Collected data entries:

Segment Open

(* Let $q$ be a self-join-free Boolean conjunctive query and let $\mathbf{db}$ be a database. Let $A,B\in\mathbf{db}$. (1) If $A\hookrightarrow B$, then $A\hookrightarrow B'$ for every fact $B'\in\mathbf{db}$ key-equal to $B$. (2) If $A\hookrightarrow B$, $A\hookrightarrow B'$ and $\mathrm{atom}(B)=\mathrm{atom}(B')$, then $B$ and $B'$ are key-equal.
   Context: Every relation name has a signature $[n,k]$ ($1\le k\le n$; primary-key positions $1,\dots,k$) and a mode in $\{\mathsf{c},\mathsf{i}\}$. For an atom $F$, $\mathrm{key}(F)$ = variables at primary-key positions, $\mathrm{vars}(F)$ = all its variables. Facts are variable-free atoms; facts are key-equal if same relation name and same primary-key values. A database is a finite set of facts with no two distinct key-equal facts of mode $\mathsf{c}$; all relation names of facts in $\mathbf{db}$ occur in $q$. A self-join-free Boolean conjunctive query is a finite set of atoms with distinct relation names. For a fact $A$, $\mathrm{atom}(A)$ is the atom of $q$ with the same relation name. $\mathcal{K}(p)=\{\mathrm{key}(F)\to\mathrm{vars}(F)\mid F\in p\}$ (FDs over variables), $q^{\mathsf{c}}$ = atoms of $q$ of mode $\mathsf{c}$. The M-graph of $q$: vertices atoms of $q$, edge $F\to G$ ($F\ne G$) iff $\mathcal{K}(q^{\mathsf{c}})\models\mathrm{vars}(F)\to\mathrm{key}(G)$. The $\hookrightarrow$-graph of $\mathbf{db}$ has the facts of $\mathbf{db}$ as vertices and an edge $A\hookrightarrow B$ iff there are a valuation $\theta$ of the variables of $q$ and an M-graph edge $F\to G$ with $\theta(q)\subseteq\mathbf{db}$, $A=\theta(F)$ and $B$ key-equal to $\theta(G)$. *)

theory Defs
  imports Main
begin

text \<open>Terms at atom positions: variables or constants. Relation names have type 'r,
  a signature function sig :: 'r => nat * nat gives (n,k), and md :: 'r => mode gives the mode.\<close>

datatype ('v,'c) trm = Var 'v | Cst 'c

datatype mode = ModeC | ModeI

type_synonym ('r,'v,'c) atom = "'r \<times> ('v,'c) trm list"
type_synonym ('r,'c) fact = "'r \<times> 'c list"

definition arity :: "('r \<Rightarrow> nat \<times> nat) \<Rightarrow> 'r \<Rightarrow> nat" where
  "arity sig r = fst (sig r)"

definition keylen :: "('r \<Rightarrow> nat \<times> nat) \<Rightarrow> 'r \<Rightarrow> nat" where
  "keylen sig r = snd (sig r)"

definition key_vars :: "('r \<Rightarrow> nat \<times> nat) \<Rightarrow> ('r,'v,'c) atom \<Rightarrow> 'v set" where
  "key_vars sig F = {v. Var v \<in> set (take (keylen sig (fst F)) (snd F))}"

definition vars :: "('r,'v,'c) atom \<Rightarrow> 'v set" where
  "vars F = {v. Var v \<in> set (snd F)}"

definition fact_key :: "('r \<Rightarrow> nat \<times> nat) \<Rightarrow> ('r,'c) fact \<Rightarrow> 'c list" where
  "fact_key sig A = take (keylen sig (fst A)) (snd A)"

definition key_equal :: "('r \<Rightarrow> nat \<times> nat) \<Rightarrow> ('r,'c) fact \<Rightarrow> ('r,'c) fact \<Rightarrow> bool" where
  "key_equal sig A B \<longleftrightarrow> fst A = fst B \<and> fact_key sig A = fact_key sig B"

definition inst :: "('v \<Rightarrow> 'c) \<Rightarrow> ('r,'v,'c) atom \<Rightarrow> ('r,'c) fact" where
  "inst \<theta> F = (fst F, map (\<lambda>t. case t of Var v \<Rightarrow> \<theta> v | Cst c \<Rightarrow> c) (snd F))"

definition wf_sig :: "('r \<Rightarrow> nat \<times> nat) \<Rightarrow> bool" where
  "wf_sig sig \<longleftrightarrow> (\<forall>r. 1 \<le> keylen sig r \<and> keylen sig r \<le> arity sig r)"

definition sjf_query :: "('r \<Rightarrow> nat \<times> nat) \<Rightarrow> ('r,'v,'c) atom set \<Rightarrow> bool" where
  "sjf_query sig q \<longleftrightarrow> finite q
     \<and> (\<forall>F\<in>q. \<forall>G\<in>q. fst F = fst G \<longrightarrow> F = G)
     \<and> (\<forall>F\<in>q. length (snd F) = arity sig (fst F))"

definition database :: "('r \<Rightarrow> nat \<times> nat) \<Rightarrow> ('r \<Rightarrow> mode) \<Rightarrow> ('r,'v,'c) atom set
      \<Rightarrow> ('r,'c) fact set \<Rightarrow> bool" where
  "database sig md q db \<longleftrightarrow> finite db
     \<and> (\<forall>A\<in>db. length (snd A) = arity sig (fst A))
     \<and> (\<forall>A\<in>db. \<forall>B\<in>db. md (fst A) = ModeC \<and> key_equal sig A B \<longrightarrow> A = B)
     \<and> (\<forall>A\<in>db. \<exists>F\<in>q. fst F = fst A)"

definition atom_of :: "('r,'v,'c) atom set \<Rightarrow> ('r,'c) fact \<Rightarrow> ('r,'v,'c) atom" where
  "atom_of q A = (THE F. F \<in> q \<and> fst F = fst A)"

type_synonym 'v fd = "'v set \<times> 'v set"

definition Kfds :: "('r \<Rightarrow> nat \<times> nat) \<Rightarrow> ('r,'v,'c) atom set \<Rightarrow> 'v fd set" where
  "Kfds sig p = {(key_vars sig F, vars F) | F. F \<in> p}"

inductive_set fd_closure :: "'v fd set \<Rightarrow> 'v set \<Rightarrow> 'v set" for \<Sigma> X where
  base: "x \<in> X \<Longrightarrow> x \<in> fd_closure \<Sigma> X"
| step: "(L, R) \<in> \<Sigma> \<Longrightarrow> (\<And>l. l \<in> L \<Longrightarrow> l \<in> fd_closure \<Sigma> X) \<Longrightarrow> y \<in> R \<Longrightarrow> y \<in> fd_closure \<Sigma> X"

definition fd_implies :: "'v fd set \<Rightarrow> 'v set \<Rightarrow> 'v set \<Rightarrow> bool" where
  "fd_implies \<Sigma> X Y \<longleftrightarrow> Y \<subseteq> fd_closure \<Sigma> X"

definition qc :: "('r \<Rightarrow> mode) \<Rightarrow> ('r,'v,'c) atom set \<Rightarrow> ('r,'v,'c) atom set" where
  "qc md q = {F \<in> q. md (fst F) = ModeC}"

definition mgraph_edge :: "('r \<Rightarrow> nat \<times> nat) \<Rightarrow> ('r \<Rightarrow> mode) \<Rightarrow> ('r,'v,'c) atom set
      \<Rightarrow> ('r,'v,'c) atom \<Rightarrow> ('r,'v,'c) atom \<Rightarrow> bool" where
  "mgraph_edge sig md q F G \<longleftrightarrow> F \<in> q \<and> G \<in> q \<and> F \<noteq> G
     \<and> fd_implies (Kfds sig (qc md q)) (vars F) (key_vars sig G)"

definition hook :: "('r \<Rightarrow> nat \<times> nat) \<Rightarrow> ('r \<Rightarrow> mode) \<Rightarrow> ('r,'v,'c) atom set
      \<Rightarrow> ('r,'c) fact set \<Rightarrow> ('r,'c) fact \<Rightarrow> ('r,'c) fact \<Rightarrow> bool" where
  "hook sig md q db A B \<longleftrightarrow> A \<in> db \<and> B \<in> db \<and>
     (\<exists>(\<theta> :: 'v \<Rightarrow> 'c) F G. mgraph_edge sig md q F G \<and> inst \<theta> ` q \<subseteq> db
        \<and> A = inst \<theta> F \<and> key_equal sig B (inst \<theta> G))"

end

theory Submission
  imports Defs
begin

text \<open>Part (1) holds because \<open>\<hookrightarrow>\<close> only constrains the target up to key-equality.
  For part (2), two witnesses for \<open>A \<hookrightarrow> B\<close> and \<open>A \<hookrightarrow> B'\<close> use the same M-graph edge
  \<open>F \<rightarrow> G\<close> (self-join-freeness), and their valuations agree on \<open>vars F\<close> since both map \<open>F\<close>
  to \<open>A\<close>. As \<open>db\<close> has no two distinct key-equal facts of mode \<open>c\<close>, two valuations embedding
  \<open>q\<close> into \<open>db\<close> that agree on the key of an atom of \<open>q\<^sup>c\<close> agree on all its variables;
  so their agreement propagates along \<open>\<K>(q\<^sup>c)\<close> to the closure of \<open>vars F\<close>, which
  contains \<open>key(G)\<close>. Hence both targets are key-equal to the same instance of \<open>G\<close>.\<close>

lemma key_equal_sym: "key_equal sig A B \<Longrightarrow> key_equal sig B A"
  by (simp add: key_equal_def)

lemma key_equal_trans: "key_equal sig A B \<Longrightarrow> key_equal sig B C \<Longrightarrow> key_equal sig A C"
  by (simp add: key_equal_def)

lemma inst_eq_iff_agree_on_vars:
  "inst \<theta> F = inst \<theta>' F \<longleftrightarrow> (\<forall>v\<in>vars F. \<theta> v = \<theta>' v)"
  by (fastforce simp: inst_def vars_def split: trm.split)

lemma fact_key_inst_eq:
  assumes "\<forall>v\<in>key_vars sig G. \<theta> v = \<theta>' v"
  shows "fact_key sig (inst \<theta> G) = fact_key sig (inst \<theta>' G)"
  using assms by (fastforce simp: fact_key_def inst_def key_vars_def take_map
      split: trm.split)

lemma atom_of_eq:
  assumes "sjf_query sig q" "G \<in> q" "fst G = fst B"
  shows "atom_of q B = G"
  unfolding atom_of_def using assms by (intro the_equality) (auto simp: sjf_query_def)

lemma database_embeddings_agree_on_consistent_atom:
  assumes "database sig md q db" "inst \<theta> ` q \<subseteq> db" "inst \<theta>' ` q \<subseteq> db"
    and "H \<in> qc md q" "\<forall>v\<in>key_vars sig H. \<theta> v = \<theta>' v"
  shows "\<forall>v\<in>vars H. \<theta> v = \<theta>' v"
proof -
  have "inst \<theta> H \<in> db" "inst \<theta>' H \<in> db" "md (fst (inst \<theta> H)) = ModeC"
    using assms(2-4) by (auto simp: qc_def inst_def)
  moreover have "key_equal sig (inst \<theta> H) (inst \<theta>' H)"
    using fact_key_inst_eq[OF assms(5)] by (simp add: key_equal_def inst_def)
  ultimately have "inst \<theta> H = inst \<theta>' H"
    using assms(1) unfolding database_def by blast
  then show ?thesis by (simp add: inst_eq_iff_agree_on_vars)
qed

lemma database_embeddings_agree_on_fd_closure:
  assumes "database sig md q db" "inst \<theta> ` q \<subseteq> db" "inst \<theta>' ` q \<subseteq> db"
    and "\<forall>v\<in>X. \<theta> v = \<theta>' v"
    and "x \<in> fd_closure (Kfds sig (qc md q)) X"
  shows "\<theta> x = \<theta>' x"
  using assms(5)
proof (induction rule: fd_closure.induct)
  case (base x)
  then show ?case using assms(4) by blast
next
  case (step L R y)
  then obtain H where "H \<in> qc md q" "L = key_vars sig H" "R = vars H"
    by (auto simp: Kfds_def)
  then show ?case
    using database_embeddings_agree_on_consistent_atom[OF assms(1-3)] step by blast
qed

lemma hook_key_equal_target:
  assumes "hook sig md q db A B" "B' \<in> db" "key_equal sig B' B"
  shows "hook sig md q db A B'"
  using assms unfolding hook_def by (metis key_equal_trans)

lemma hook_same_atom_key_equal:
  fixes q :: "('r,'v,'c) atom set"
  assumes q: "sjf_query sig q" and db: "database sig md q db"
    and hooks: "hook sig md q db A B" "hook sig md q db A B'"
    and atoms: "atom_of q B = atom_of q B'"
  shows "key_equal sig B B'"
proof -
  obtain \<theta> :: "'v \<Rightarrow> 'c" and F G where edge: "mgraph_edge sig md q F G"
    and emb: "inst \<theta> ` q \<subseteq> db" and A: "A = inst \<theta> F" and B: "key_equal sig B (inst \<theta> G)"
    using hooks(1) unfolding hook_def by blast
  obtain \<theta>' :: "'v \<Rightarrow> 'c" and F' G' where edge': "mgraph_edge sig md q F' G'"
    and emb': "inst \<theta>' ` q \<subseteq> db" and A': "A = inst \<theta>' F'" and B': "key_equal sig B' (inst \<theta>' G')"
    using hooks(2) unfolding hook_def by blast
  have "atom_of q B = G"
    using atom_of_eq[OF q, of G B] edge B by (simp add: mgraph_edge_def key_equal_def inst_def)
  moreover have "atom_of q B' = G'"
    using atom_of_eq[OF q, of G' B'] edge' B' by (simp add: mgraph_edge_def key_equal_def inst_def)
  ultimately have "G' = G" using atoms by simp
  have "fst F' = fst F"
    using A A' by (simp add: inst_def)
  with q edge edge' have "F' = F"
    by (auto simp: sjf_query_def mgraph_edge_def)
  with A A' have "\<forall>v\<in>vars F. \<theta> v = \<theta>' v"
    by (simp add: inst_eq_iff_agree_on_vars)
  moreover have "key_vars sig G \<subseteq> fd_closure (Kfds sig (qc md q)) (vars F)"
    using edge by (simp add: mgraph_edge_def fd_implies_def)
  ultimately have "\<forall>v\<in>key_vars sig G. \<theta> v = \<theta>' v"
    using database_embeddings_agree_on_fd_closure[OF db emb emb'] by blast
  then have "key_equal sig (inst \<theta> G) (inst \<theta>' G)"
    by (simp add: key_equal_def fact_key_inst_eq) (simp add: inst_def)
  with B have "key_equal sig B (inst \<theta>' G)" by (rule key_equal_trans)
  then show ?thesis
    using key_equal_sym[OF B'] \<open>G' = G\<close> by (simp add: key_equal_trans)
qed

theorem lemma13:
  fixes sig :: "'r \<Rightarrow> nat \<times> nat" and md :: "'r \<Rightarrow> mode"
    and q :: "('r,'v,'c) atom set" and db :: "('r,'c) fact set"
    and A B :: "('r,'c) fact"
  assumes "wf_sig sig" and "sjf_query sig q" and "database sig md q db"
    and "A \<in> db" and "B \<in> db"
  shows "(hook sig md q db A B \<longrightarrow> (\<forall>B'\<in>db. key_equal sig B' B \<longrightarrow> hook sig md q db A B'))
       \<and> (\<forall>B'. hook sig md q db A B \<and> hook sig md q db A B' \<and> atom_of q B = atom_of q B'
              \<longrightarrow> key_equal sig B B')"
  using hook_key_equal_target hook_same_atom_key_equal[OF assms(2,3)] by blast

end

Segment Closed

* WORK INSTRUCTION *
For the string "Sigma", return every line of the data where it appears.

* RESPONSE TO THE TASK *
inductive_set fd_closure :: "'v fd set \<Rightarrow> 'v set \<Rightarrow> 'v set" for \<Sigma> X where
  base: "x \<in> X \<Longrightarrow> x \<in> fd_closure \<Sigma> X"
| step: "(L, R) \<in> \<Sigma> \<Longrightarrow> (\<And>l. l \<in> L \<Longrightarrow> l \<in> fd_closure \<Sigma> X) \<Longrightarrow> y \<in> R \<Longrightarrow> y \<in> fd_closure \<Sigma> X"
  "fd_implies \<Sigma> X Y \<longleftrightarrow> Y \<subseteq> fd_closure \<Sigma> X"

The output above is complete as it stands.